Top of Data records

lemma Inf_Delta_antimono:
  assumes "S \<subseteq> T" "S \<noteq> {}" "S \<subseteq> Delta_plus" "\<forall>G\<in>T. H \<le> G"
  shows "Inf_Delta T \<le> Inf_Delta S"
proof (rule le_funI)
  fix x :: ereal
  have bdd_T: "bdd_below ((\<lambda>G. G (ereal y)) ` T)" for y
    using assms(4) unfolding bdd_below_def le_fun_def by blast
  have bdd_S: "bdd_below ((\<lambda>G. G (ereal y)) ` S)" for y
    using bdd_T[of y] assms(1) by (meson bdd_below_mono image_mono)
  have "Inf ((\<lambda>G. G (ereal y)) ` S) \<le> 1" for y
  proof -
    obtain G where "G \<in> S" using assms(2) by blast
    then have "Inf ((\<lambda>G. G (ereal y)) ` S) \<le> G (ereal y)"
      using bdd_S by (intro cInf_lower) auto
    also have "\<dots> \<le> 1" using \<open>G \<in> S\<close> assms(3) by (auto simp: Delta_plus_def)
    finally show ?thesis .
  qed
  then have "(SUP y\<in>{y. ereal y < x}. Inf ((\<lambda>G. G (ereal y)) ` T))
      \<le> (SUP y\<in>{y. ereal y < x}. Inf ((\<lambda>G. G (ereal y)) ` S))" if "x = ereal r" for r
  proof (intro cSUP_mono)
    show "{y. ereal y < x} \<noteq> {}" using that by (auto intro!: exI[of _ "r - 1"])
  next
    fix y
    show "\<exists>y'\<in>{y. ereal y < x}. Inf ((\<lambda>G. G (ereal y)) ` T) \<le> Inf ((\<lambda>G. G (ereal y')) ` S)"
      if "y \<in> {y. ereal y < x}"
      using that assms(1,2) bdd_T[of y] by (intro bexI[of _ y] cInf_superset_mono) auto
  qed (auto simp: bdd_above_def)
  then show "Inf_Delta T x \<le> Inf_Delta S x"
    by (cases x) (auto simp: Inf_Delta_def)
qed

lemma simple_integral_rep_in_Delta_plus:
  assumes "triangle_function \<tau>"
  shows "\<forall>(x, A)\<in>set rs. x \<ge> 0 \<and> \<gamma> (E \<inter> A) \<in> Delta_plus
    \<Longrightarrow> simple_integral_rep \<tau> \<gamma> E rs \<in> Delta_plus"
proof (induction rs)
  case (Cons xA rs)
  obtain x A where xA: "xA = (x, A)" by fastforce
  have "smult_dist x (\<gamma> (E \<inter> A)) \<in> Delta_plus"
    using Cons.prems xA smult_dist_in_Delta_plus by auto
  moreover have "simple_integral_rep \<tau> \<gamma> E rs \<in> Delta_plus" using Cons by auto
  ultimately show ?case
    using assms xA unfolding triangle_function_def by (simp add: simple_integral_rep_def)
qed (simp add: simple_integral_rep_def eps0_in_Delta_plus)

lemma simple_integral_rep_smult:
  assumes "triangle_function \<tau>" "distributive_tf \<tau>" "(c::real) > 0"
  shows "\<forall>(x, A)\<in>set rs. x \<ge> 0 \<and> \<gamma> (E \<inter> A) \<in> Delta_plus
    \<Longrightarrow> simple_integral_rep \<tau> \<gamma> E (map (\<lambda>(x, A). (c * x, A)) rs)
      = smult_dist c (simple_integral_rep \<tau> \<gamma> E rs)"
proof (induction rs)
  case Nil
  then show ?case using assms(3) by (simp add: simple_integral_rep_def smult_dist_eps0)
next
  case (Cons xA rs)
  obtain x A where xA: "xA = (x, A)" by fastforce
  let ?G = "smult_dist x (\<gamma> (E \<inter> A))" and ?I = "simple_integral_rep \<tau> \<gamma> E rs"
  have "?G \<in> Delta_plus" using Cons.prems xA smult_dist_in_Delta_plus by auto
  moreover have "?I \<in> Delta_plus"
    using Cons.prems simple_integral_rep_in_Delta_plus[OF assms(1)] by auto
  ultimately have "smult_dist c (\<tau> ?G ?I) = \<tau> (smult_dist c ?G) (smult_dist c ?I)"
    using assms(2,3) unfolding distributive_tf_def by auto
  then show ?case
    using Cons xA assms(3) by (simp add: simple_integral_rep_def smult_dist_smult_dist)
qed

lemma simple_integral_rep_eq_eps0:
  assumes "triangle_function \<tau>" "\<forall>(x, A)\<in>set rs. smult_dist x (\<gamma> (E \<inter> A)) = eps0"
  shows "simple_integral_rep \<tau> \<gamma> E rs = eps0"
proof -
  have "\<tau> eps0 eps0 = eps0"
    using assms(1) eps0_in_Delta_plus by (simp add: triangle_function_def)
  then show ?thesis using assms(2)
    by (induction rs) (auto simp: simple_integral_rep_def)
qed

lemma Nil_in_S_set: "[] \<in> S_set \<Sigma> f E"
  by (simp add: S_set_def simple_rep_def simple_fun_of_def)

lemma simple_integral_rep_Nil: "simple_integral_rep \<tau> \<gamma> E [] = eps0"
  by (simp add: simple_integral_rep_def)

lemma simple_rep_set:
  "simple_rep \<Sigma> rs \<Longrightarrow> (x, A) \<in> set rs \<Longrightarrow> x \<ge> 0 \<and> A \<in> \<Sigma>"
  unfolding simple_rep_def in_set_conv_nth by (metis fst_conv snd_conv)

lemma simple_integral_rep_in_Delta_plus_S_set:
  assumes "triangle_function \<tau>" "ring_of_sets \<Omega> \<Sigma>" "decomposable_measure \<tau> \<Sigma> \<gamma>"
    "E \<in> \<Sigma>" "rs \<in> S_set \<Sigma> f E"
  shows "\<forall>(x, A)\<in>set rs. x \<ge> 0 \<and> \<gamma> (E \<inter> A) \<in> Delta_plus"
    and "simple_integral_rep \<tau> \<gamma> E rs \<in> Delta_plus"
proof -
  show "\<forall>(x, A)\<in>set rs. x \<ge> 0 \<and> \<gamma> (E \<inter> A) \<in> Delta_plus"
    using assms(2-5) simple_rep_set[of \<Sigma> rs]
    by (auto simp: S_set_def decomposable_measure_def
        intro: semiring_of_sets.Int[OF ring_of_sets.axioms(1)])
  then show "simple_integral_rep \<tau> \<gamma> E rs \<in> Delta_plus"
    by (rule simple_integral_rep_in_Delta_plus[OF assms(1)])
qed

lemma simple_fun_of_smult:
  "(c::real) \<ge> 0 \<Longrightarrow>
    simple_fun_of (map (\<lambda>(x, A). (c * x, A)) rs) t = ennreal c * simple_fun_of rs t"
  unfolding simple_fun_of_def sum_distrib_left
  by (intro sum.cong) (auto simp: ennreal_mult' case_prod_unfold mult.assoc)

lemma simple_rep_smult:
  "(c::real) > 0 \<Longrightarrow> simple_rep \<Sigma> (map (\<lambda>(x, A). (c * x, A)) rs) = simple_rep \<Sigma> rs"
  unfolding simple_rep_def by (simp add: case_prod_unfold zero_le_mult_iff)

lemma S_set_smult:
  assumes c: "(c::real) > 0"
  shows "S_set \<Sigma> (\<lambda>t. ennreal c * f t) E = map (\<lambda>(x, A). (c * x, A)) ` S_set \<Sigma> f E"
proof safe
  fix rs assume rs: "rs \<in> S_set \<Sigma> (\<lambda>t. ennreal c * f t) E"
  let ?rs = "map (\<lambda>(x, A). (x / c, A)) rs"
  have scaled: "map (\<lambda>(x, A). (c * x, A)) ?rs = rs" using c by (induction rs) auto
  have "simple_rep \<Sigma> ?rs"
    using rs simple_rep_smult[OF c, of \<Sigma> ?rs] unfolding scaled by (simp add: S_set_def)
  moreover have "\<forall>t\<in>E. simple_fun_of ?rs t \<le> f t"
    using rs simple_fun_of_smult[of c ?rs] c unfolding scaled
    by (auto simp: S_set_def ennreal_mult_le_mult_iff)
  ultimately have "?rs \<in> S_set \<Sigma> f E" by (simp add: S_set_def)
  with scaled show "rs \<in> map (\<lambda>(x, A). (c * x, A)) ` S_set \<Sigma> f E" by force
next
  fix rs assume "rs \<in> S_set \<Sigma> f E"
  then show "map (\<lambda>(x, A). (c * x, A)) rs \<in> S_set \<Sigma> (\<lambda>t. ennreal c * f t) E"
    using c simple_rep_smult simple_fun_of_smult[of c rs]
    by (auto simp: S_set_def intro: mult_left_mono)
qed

Bottom of Data records

### Assignment
Go to the line in the material above that contains "by (simp add: S_set_def simple_rep_def" and copy exactly from there through the line that contains "0 \<Longrightarrow> simple_rep", stopping after it.

### Problem solution
  by (simp add: S_set_def simple_rep_def simple_fun_of_def)

lemma simple_integral_rep_Nil: "simple_integral_rep \<tau> \<gamma> E [] = eps0"
  by (simp add: simple_integral_rep_def)

lemma simple_rep_set:
  "simple_rep \<Sigma> rs \<Longrightarrow> (x, A) \<in> set rs \<Longrightarrow> x \<ge> 0 \<and> A \<in> \<Sigma>"
  unfolding simple_rep_def in_set_conv_nth by (metis fst_conv snd_conv)

lemma simple_integral_rep_in_Delta_plus_S_set:
  assumes "triangle_function \<tau>" "ring_of_sets \<Omega> \<Sigma>" "decomposable_measure \<tau> \<Sigma> \<gamma>"
    "E \<in> \<Sigma>" "rs \<in> S_set \<Sigma> f E"
  shows "\<forall>(x, A)\<in>set rs. x \<ge> 0 \<and> \<gamma> (E \<inter> A) \<in> Delta_plus"
    and "simple_integral_rep \<tau> \<gamma> E rs \<in> Delta_plus"
proof -
  show "\<forall>(x, A)\<in>set rs. x \<ge> 0 \<and> \<gamma> (E \<inter> A) \<in> Delta_plus"
    using assms(2-5) simple_rep_set[of \<Sigma> rs]
    by (auto simp: S_set_def decomposable_measure_def
        intro: semiring_of_sets.Int[OF ring_of_sets.axioms(1)])
  then show "simple_integral_rep \<tau> \<gamma> E rs \<in> Delta_plus"
    by (rule simple_integral_rep_in_Delta_plus[OF assms(1)])
qed

lemma simple_fun_of_smult:
  "(c::real) \<ge> 0 \<Longrightarrow>
    simple_fun_of (map (\<lambda>(x, A). (c * x, A)) rs) t = ennreal c * simple_fun_of rs t"
  unfolding simple_fun_of_def sum_distrib_left
  by (intro sum.cong) (auto simp: ennreal_mult' case_prod_unfold mult.assoc)

lemma simple_rep_smult:
  "(c::real) > 0 \<Longrightarrow> simple_rep \<Sigma> (map (\<lambda>(x, A). (c * x, A)) rs) = simple_rep \<Sigma> rs"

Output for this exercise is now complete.